On Sally Hemmings

Sally Hemmings of course, was the slave and (candidly) baby-mama of six children by Thomas Jefferson, four of whom survived until adulthood. The two oldest, simply left Monticello when they became adults and moved to Washington DC where they disappeared from the historical record. The oldest, Harriet, passed as a white woman. The two youngest, who were not 21 when Jefferson died, were freed in his will. But since Jefferson's estate was heavily in debt, it took an actual act of the Virginia congress to ultimately pull it off. It turns out that being Jefferson's child wasn't all bad. (That's sarcasm.)

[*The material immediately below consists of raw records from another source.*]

(* Let $a\ge b\ge2$ and $k$ be integers with $a+b+1\le k\le a+2b-1$. Then for every $(i,j)\in Q_3$ we have $w_2,w_3,w_4,w_6\in\mathcal{R}^k_{(a,b),(i,j)}$.
   Context: $\widehat{\mathfrak{su}}(3)_k$ fusion. Let $P_+^k=\{(\lambda_1,\lambda_2)\in\mathbb{Z}_{\ge0}^2:\lambda_1+\lambda_2\le k\}$. For $\lambda,\mu,\nu\in P_+^k$ set - $\mathcal{A}=\tfrac13[2(\lambda_1+\mu_1+\nu_2)+\lambda_2+\mu_2+\nu_1]$, - $\mathcal{B}=\tfrac13[\lambda_1+\mu_1+\nu_2+2(\lambda_2+\mu_2+\nu_1)]$, - $k_0^{\max}=\min(\mathcal{A},\mathcal{B})$, - $k_0^{\min}=\max(\lambda_1+\lambda_2,\mu_1+\mu_2,\nu_1+\nu_2,\mathcal{A}-\lambda_1,\mathcal{A}-\mu_1,\mathcal{A}-\nu_2,\mathcal{B}-\lambda_2,\mathcal{B}-\mu_2,\mathcal{B}-\nu_1)$. The fusion multiplicity is $N^{(k)\nu}_{\lambda,\mu}=\min(k_0^{\max},k)-k_0^{\min}+1$ if $\mathcal{A},\mathcal{B}$ are nonnegative integers, $k_0^{\max}\ge k_0^{\min}$ and $k\ge k_0^{\min}$; otherwise it is $0$. The set $\mathcal{R}^k_{\lambda,\mu}$ is $\{\nu\in P_+^k:N^{(k)\nu}_{\lambda,\mu}\ne0\}$. The candidate weights are $w_1=(a-1,b+2)$, $w_2=(a+2,b-1)$, $w_3=(a+1,b-2)$, $w_4=(a-2,b+1)$, $w_5=(a+1,b+1)$, $w_6=(a-1,b-1)$. The set $Q_3$ is defined by $Q_3=\{(p-2k+2a+2b,p+k-a-b):p\in\mathbb{Z},\ 2k-2a-2b\le p\le k-a-1\}$. *)

theory Defs
  imports Complex_Main
begin

type_synonym wt = "int \<times> int"

definition Pplus :: "int \<Rightarrow> wt set" where
  "Pplus k = {(l1, l2). 0 \<le> l1 \<and> 0 \<le> l2 \<and> l1 + l2 \<le> k}"

definition calA :: "wt \<Rightarrow> wt \<Rightarrow> wt \<Rightarrow> rat" where
  "calA lam mu nu = (2 * of_int (fst lam + fst mu + snd nu) + of_int (snd lam + snd mu + fst nu)) / 3"

definition calB :: "wt \<Rightarrow> wt \<Rightarrow> wt \<Rightarrow> rat" where
  "calB lam mu nu = (of_int (fst lam + fst mu + snd nu) + 2 * of_int (snd lam + snd mu + fst nu)) / 3"

definition k0max :: "wt \<Rightarrow> wt \<Rightarrow> wt \<Rightarrow> rat" where
  "k0max lam mu nu = min (calA lam mu nu) (calB lam mu nu)"

definition k0min :: "wt \<Rightarrow> wt \<Rightarrow> wt \<Rightarrow> rat" where
  "k0min lam mu nu = (let A = calA lam mu nu; B = calB lam mu nu in
     Max {of_int (fst lam + snd lam), of_int (fst mu + snd mu), of_int (fst nu + snd nu),
          A - of_int (fst lam), A - of_int (fst mu), A - of_int (snd nu),
          B - of_int (snd lam), B - of_int (snd mu), B - of_int (fst nu)})"

definition fusion_mult :: "int \<Rightarrow> wt \<Rightarrow> wt \<Rightarrow> wt \<Rightarrow> int" where
  "fusion_mult k lam mu nu =
     (if calA lam mu nu \<in> \<int> \<and> calA lam mu nu \<ge> 0 \<and> calB lam mu nu \<in> \<int> \<and> calB lam mu nu \<ge> 0
         \<and> k0max lam mu nu \<ge> k0min lam mu nu \<and> of_int k \<ge> k0min lam mu nu
      then \<lfloor>min (k0max lam mu nu) (of_int k) - k0min lam mu nu + 1\<rfloor>
      else 0)"

definition fusion_R :: "int \<Rightarrow> wt \<Rightarrow> wt \<Rightarrow> wt set" where
  "fusion_R k lam mu = {nu \<in> Pplus k. fusion_mult k lam mu nu \<noteq> 0}"

definition Q3 :: "int \<Rightarrow> int \<Rightarrow> int \<Rightarrow> wt set" where
  "Q3 k a b = {(p - 2*k + 2*a + 2*b, p + k - a - b) | p. 2*k - 2*a - 2*b \<le> p \<and> p \<le> k - a - 1}"

end

theory Submission
  imports Defs
begin

text \<open>For each of the four weights, \<open>\<A>\<close> and \<open>\<B>\<close> are integers determined by the parameter \<open>p\<close>
  of the point of \<open>Q\<^sub>3\<close> (up to a shift by \<open>-1\<close>, \<open>0\<close> or \<open>1\<close>). The multiplicity is then the integer
  \<open>min(\<A>, \<B>, k) - k\<^sub>0\<^sup>m\<^sup>i\<^sup>n + 1\<close>, and the constraints on \<open>a, b, k, p\<close> are exactly what makes each of the
  nine lower bounds defining \<open>k\<^sub>0\<^sup>m\<^sup>i\<^sup>n\<close> at most \<open>min(\<A>, \<B>, k)\<close>, so it is positive.\<close>

definition k0min_int :: "wt \<Rightarrow> wt \<Rightarrow> wt \<Rightarrow> int \<Rightarrow> int \<Rightarrow> int" where
  "k0min_int lam mu nu X Y =
     Max {fst lam + snd lam, fst mu + snd mu, fst nu + snd nu,
          X - fst lam, X - fst mu, X - snd nu, Y - snd lam, Y - snd mu, Y - fst nu}"

lemma k0min_of_int:
  assumes "calA lam mu nu = of_int X" and "calB lam mu nu = of_int Y"
  shows "k0min lam mu nu = of_int (k0min_int lam mu nu X Y)"
  unfolding k0min_def k0min_int_def Let_def assms
  by (subst mono_Max_commute[where f = "of_int :: int \<Rightarrow> rat"])
    (simp_all only: mono_def of_int_le_iff image_insert image_empty of_int_add of_int_diff
       finite.intros insert_not_empty simp_thms)

lemma k0min_int_le_iff:
  "k0min_int lam mu nu X Y \<le> M \<longleftrightarrow>
     fst lam + snd lam \<le> M \<and> fst mu + snd mu \<le> M \<and> fst nu + snd nu \<le> M \<and>
     X - fst lam \<le> M \<and> X - fst mu \<le> M \<and> X - snd nu \<le> M \<and>
     Y - snd lam \<le> M \<and> Y - snd mu \<le> M \<and> Y - fst nu \<le> M"
  unfolding k0min_int_def
  by (simp only: Max_le_iff finite.intros insert_not_empty ball_simps simp_thms)

lemma fusion_mult_of_int:
  fixes X Y k :: int
  assumes A: "calA lam mu nu = of_int X" and B: "calB lam mu nu = of_int Y"
    and "0 \<le> X" "0 \<le> Y" and "k0min_int lam mu nu X Y \<le> min (min X Y) k"
  shows "fusion_mult k lam mu nu = min (min X Y) k - k0min_int lam mu nu X Y + 1"
proof -
  have "k0max lam mu nu = of_int (min X Y)"
    unfolding k0max_def A B by simp
  then show ?thesis
    using assms unfolding fusion_mult_def k0min_of_int[OF A B] A B
    by (simp flip: of_int_min of_int_diff of_int_add)
qed

lemma mem_fusion_R:
  fixes X Y k :: int
  assumes "calA lam mu nu = of_int X" and "calB lam mu nu = of_int Y"
    and "0 \<le> X" "0 \<le> Y" and "k0min_int lam mu nu X Y \<le> min (min X Y) k"
    and "nu \<in> Pplus k"
  shows "nu \<in> fusion_R k lam mu"
  using assms fusion_mult_of_int[OF assms(1-5)] unfolding fusion_R_def by auto

theorem mainTheorem11:
  fixes a b k :: int
  assumes "a \<ge> b" and "b \<ge> 2" and "a + b + 1 \<le> k" and "k \<le> a + 2*b - 1"
  shows "\<forall>(i, j) \<in> Q3 k a b.
           (a + 2, b - 1) \<in> fusion_R k (a, b) (i, j) \<and>
           (a + 1, b - 2) \<in> fusion_R k (a, b) (i, j) \<and>
           (a - 2, b + 1) \<in> fusion_R k (a, b) (i, j) \<and>
           (a - 1, b - 1) \<in> fusion_R k (a, b) (i, j)"
proof (intro ballI, clarify)
  fix i j assume "(i, j) \<in> Q3 k a b"
  then obtain p where p: "2*k - 2*a - 2*b \<le> p" "p \<le> k - a - 1"
    and ij: "i = p - 2*k + 2*a + 2*b" "j = p + k - a - b"
    unfolding Q3_def by auto
  let ?X = "2*a + 2*b - k + p" and ?Y = "a + b + p"
  have "(a + 2, b - 1) \<in> fusion_R k (a, b) (i, j)"
    by (rule mem_fusion_R[where X = ?X and Y = "?Y + 1"])
      (unfold k0min_int_le_iff Pplus_def,
       use assms p in \<open>auto simp: calA_def calB_def ij field_simps\<close>)
  moreover have "(a + 1, b - 2) \<in> fusion_R k (a, b) (i, j)"
    by (rule mem_fusion_R[where X = "?X - 1" and Y = ?Y])
      (unfold k0min_int_le_iff Pplus_def,
       use assms p in \<open>auto simp: calA_def calB_def ij field_simps\<close>)
  moreover have "(a - 2, b + 1) \<in> fusion_R k (a, b) (i, j)"
    by (rule mem_fusion_R[where X = ?X and Y = "?Y - 1"])
      (unfold k0min_int_le_iff Pplus_def,
       use assms p in \<open>auto simp: calA_def calB_def ij field_simps\<close>)
  moreover have "(a - 1, b - 1) \<in> fusion_R k (a, b) (i, j)"
    by (rule mem_fusion_R[where X = "?X - 1" and Y = "?Y - 1"])
      (unfold k0min_int_le_iff Pplus_def,
       use assms p in \<open>auto simp: calA_def calB_def ij field_simps\<close>)
  ultimately show "(a + 2, b - 1) \<in> fusion_R k (a, b) (i, j) \<and>
        (a + 1, b - 2) \<in> fusion_R k (a, b) (i, j) \<and>
        (a - 2, b + 1) \<in> fusion_R k (a, b) (i, j) \<and>
        (a - 1, b - 1) \<in> fusion_R k (a, b) (i, j)" by blast
qed

end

That issue of  Harriet "passing as a white woman" is quite ironic and reveals how pernicious and corrupting was the system of racial slavery in the US. Harriet was legally a slave and "negro" because her great-grandmother was an African slave who had had at least one child (Harriet's grandmother) with a white sea captain. The captain allegedly tried to purchase her great-grandmother and his daughter, but the owner wouldn't sell for whatever reason (maybe the owner had children by her as well). All Harriet's grandfathers in her maternal line were white men and, of course, all her paternal grandmothers and grandfathers were white.

But it goes beyond that: Harriet's mother Sally Hemmings, Jefferson's life partner since the death of his wife, was Jefferson's sister-in-law. She was the half-sister of his wife by their father, John Wayless. Wayles was the ultimate owner of Harriet's grandmother, Betty, and her great-grandmother - his wife received Betty, as a wedding present from her father. Since it was legally stipulated in the transfer that Betty was always to be the legal property of Wayles's wife or her children, it seems that Betty was considered family. After his wife's death, Wayles and Betty, Harriet's grandmother remember, had six surviving children (including Sally who was inherited by her half-sister, Jefferson's wife).

All this demonstrates that slavery in US, and then in the South where it persisted, involved generations-long bondage of people by their intimate relatives.

Since the importation of slaves was banned by Federal Law in 1808 (the US Constitution prohibited the government from banning it any earlier), all slaves born after were born in America. Had state laws not been imposed to prevent estates from freeing their slaves if they were not entirely debt free and other hurdles, it is hard to imagine that slavery could have survived beyond the 19th century.

There could have been good motivations for these laws as well as bad ones. Imagine an unscrupulous owner who opted to make his farm more efficient by "benevolently" freeing slaves who were too old or infirm to work. A law ostensibly intended to protect such people, however, harmed young, hale, family-aged slaves, who coincidentally were those that Southern established institutions feared most. This was referred to at the time as The Problem of Slavery: How to free all the slaves without any socio-economic-political disruption of current norms - which of course was not possible.

In the early 1830s, chronicler Alexis de Toqueville, encountered an owner who had spent his waning years trying fruitlessly to free his children before his death.
I happened to meet an old man, in the South of the Union, who had lived in illicit intercourse with one of his Negresses and had had several children by her, who were born the slaves of their father. He had, indeed, frequently thought of bequeathing to them at least their liberty; but years had elapsed before he could surmount the legal obstacles to their emancipation, and meanwhile his old age had come and he was about to die. He pictured to himself his sons dragged from market to market and passing from the authority of a parent to the rod of the stranger, until these horrid anticipations worked his expiring imagination into frenzy. When I saw him, he was a prey to all the anguish of despair; and I then understood how awful is the retribution of Nature upon those who have broken her laws.